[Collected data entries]
(* $m_2^{(2)}(5,3)=8$.
   Context: For a prime power $q$ and $N\ge1$, a multiset of points in $\mathrm{PG}(N,q)$ is a map $\mathcal{K}$ from the points to $\mathbb{Z}_{\ge0}$, with $\mathcal{K}(S)=\sum_{P\in S}\mathcal{K}(P)$; its cardinality is $\mathcal{K}(\mathrm{PG}(N,q))$. Dimensions are projective (planes have dimension 2). For $0\le r\le N-1$ and a positive integer $w$, $m_q^{(r)}(N,w)$ is the maximum cardinality of a multiset of points in $\mathrm{PG}(N,q)$ such that every $r$-dimensional subspace has multiplicity at most $w$. *)

theory Defs
  imports Complex_Main "HOL-Library.Function_Algebras"
begin

(* Vectors of F^(N+1) are represented as functions nat => F with coordinates
   0..N, i.e. vanishing at every index > N. *)

definition scal :: "'a::field \<Rightarrow> (nat \<Rightarrow> 'a) \<Rightarrow> (nat \<Rightarrow> 'a)" where
  "scal c v = (\<lambda>i. c * v i)"

definition vecs :: "nat \<Rightarrow> (nat \<Rightarrow> 'a::field) set" where
  "vecs N = {v. \<forall>i>N. v i = 0}"

definition lin_subspace :: "nat \<Rightarrow> nat \<Rightarrow> (nat \<Rightarrow> 'a::field) set \<Rightarrow> bool" where
  "lin_subspace N d W \<longleftrightarrow> W \<subseteq> vecs N \<and> module.subspace scal W \<and> vector_space.dim scal W = d"

definition PG_points :: "nat \<Rightarrow> (nat \<Rightarrow> 'a::field) set set" where
  "PG_points N = {P. lin_subspace N 1 P}"

(* projective r-dimensional subspaces of PG(N,F): (r+1)-dimensional linear subspaces *)
definition PG_subspaces :: "nat \<Rightarrow> nat \<Rightarrow> (nat \<Rightarrow> 'a::field) set set" where
  "PG_subspaces N r = {W. lin_subspace N (r + 1) W}"

definition points_in :: "nat \<Rightarrow> (nat \<Rightarrow> 'a::field) set \<Rightarrow> (nat \<Rightarrow> 'a) set set" where
  "points_in N W = {P \<in> PG_points N. P \<subseteq> W}"

definition mult_of :: "((nat \<Rightarrow> 'a::field) set \<Rightarrow> nat) \<Rightarrow> (nat \<Rightarrow> 'a) set set \<Rightarrow> nat" where
  "mult_of K S = (\<Sum>P\<in>S. K P)"

(* multisets of points of PG(N,F) (maps from the points to N, zero off the point set)
   such that every projective r-subspace has multiplicity at most w *)
definition admissible :: "'a itself \<Rightarrow> nat \<Rightarrow> nat \<Rightarrow> nat \<Rightarrow> ((nat \<Rightarrow> 'a::field) set \<Rightarrow> nat) \<Rightarrow> bool" where
  "admissible _ r N w K \<longleftrightarrow>
     (\<forall>P. P \<notin> PG_points N \<longrightarrow> K P = 0) \<and>
     (\<forall>W \<in> PG_subspaces N r. mult_of K (points_in N W) \<le> w)"

(* m_q^(r)(N,w), the field of order q being the type 'a *)
definition m_q :: "'a::{field,finite} itself \<Rightarrow> nat \<Rightarrow> nat \<Rightarrow> nat \<Rightarrow> nat" where
  "m_q F r N w = Max {mult_of K (PG_points N) | K. admissible F r N w K}"

end

(*
  With r = 2 and w = 3 = r + 1: if the total multiplicity is at least 4, no point has
  multiplicity 2 (together with two further points of the support it would lie in a plane
  of multiplicity 4), and no four points of the support lie in a common plane.  Hence the
  support is given by vectors any four of which are linearly independent.  Nine such vectors
  do not exist in GF(2)^6: their zero-sum subsets form a binary linear code of length 9 with
  at least 2^9 / 2^6 = 8 words and minimum weight 5, whereas the Plotkin bound allows at
  most 6.  Conversely, the six unit vectors together with e0+e1+e2+e3 and e2+e3+e4+e5 are
  eight vectors any four of which are independent, over every field.
*)

theory Submission
  imports Defs "HOL-Library.FuncSet"
begin

section \<open>Vectors and points of PG(N, F)\<close>

interpretation V: vector_space "scal :: 'a::field \<Rightarrow> (nat \<Rightarrow> 'a) \<Rightarrow> _"
  by unfold_locales (auto simp: scal_def fun_eq_iff algebra_simps)

lemma scal_apply [simp]: "scal c v i = c * v i"
  by (simp add: scal_def)

lemma sum_fun_apply: "(sum f A) i = (\<Sum>x\<in>A. f x i)"
  for f :: "_ \<Rightarrow> _ \<Rightarrow> 'b::comm_monoid_add"
  by (induction A rule: infinite_finite_induct) auto

lemma subspace_vecs: "V.subspace (vecs N :: (nat \<Rightarrow> 'a::field) set)"
  by (auto simp: V.subspace_def vecs_def)

lemma sum_in_vecs: "(\<And>v. v \<in> A \<Longrightarrow> v \<in> vecs N) \<Longrightarrow> (\<Sum>v\<in>A. v) \<in> vecs N"
  by (auto simp: vecs_def sum_fun_apply intro!: sum.neutral)

lemma inj_on_restrict_vecs: "inj_on (\<lambda>v. restrict v {0..N}) (vecs N)"
  by (auto simp: inj_on_def vecs_def fun_eq_iff restrict_def) (metis not_le)

lemma finite_vecs: "finite (vecs N :: (nat \<Rightarrow> 'a::{field,finite}) set)"
proof (rule finite_imageD[OF _ inj_on_restrict_vecs])
  show "finite ((\<lambda>v. restrict v {0..N}) ` (vecs N :: (nat \<Rightarrow> 'a) set))"
    by (rule finite_subset[of _ "\<Pi>\<^sub>E i\<in>{0..N}. UNIV"]) (auto intro: finite_PiE)
qed

lemma card_vecs_le:
  "card (vecs N :: (nat \<Rightarrow> 'a::{field,finite}) set) \<le> card (UNIV :: 'a set) ^ (N + 1)"
proof -
  have "card (vecs N :: (nat \<Rightarrow> 'a) set)
      = card ((\<lambda>v. restrict v {0..N}) ` (vecs N :: (nat \<Rightarrow> 'a) set))"
    by (simp add: card_image inj_on_restrict_vecs)
  also have "\<dots> \<le> card (\<Pi>\<^sub>E i\<in>{0..N}. (UNIV :: 'a set))"
    by (rule card_mono) (auto intro: finite_PiE)
  finally show ?thesis by (simp add: card_PiE)
qed

lemma finite_PG_points: "finite (PG_points N :: (nat \<Rightarrow> 'a::{field,finite}) set set)"
  by (rule finite_subset[of _ "Pow (vecs N)"]) (auto simp: PG_points_def lin_subspace_def finite_vecs)

lemma card_le_dim_if_independent:
  fixes A W :: "(nat \<Rightarrow> 'a::field) set"
  assumes "V.independent A" "A \<subseteq> W" "finite W"
  shows "card A \<le> V.dim W"
proof -
  obtain B where B: "B \<subseteq> W" "V.independent B" "W \<subseteq> V.span B" "card B = V.dim W"
    by (rule V.basis_exists)
  have "finite B"
    using B(1) assms(3) by (rule finite_subset)
  moreover have "A \<subseteq> V.span B"
    using assms(2) B(3) by (rule order_trans)
  ultimately have "card A \<le> card B"
    using V.independent_span_bound assms(1) by blast
  then show ?thesis using B(4) by simp
qed

lemma independent_if_card_le_dim:
  fixes B :: "(nat \<Rightarrow> 'a::field) set"
  assumes "finite B" "card B \<le> V.dim B"
  shows "V.independent B"
proof -
  obtain B' where B': "B' \<subseteq> B" "V.independent B'" "B \<subseteq> V.span B'" "card B' = V.dim B"
    by (rule V.basis_exists)
  have "B' = B"
  proof (rule ccontr)
    assume "B' \<noteq> B"
    then have "card B' < card B"
      using B'(1) by (intro psubset_card_mono[OF assms(1)]) auto
    then show False using B'(4) assms(2) by simp
  qed
  then show ?thesis using B'(2) by simp
qed

lemma sum_nonzero_if_independent:
  fixes A :: "(nat \<Rightarrow> 'a::field) set"
  assumes "V.independent A" "finite A" "A \<noteq> {}"
  shows "(\<Sum>v\<in>A. v) \<noteq> 0"
proof
  assume "(\<Sum>v\<in>A. v) = 0"
  then have "(\<Sum>v\<in>A. scal 1 v) = 0" by (simp add: scal_def)
  then have "V.dependent A"
    unfolding V.dependent_explicit using assms(2,3)
    by (intro exI[of _ A] exI[of _ "\<lambda>_. 1"]) auto
  then show False using assms(1) by contradiction
qed

definition unit_vec :: "nat \<Rightarrow> nat \<Rightarrow> 'a::field" where
  "unit_vec k = (\<lambda>i. if i = k then 1 else 0)"

lemma inj_unit_vec: "inj (unit_vec :: nat \<Rightarrow> nat \<Rightarrow> 'a::field)"
proof (rule injI)
  fix k l :: nat
  assume "(unit_vec k :: nat \<Rightarrow> 'a) = unit_vec l"
  then have "(unit_vec k :: nat \<Rightarrow> 'a) k = unit_vec l k" by simp
  then show "k = l" by (simp add: unit_vec_def split: if_splits)
qed

lemma independent_unit_vecs: "V.independent (unit_vec ` {0..<n} :: (nat \<Rightarrow> 'a::field) set)"
proof (rule V.independent_if_scalars_zero)
  fix f :: "(nat \<Rightarrow> 'a) \<Rightarrow> 'a" and x :: "nat \<Rightarrow> 'a"
  assume s: "(\<Sum>x\<in>unit_vec ` {0..<n}. scal (f x) x) = 0" and x: "x \<in> unit_vec ` {0..<n}"
  from x obtain k where k: "k < n" "x = unit_vec k" by auto
  have "0 = (\<Sum>x\<in>unit_vec ` {0..<n}. scal (f x) x) k" using s by simp
  also have "\<dots> = (\<Sum>j\<in>{0..<n}. f (unit_vec j) * unit_vec j k)"
    unfolding sum_fun_apply scal_apply
    by (rule sum.reindex[OF inj_on_subset[OF inj_unit_vec], unfolded comp_def]) simp
  also have "\<dots> = (\<Sum>j\<in>{0..<n}. if k = j then f (unit_vec j) else 0)"
    by (rule sum.cong) (auto simp: unit_vec_def)
  also have "\<dots> = f x"
    using k by simp
  finally show "f x = 0" by (rule sym)
qed simp

lemma unit_vec_in_vecs: "k \<le> N \<Longrightarrow> unit_vec k \<in> vecs N"
  by (auto simp: unit_vec_def vecs_def)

> Description of the task
Taking the records from the top, repeat each line exactly until you have repeated the line that contains "v = (\<lambda>i.".

> Your solution
(* $m_2^{(2)}(5,3)=8$.
   Context: For a prime power $q$ and $N\ge1$, a multiset of points in $\mathrm{PG}(N,q)$ is a map $\mathcal{K}$ from the points to $\mathbb{Z}_{\ge0}$, with $\mathcal{K}(S)=\sum_{P\in S}\mathcal{K}(P)$; its cardinality is $\mathcal{K}(\mathrm{PG}(N,q))$. Dimensions are projective (planes have dimension 2). For $0\le r\le N-1$ and a positive integer $w$, $m_q^{(r)}(N,w)$ is the maximum cardinality of a multiset of points in $\mathrm{PG}(N,q)$ such that every $r$-dimensional subspace has multiplicity at most $w$. *)

theory Defs
  imports Complex_Main "HOL-Library.Function_Algebras"
begin

(* Vectors of F^(N+1) are represented as functions nat => F with coordinates
   0..N, i.e. vanishing at every index > N. *)

definition scal :: "'a::field \<Rightarrow> (nat \<Rightarrow> 'a) \<Rightarrow> (nat \<Rightarrow> 'a)" where
  "scal c v = (\<lambda>i. c * v i)"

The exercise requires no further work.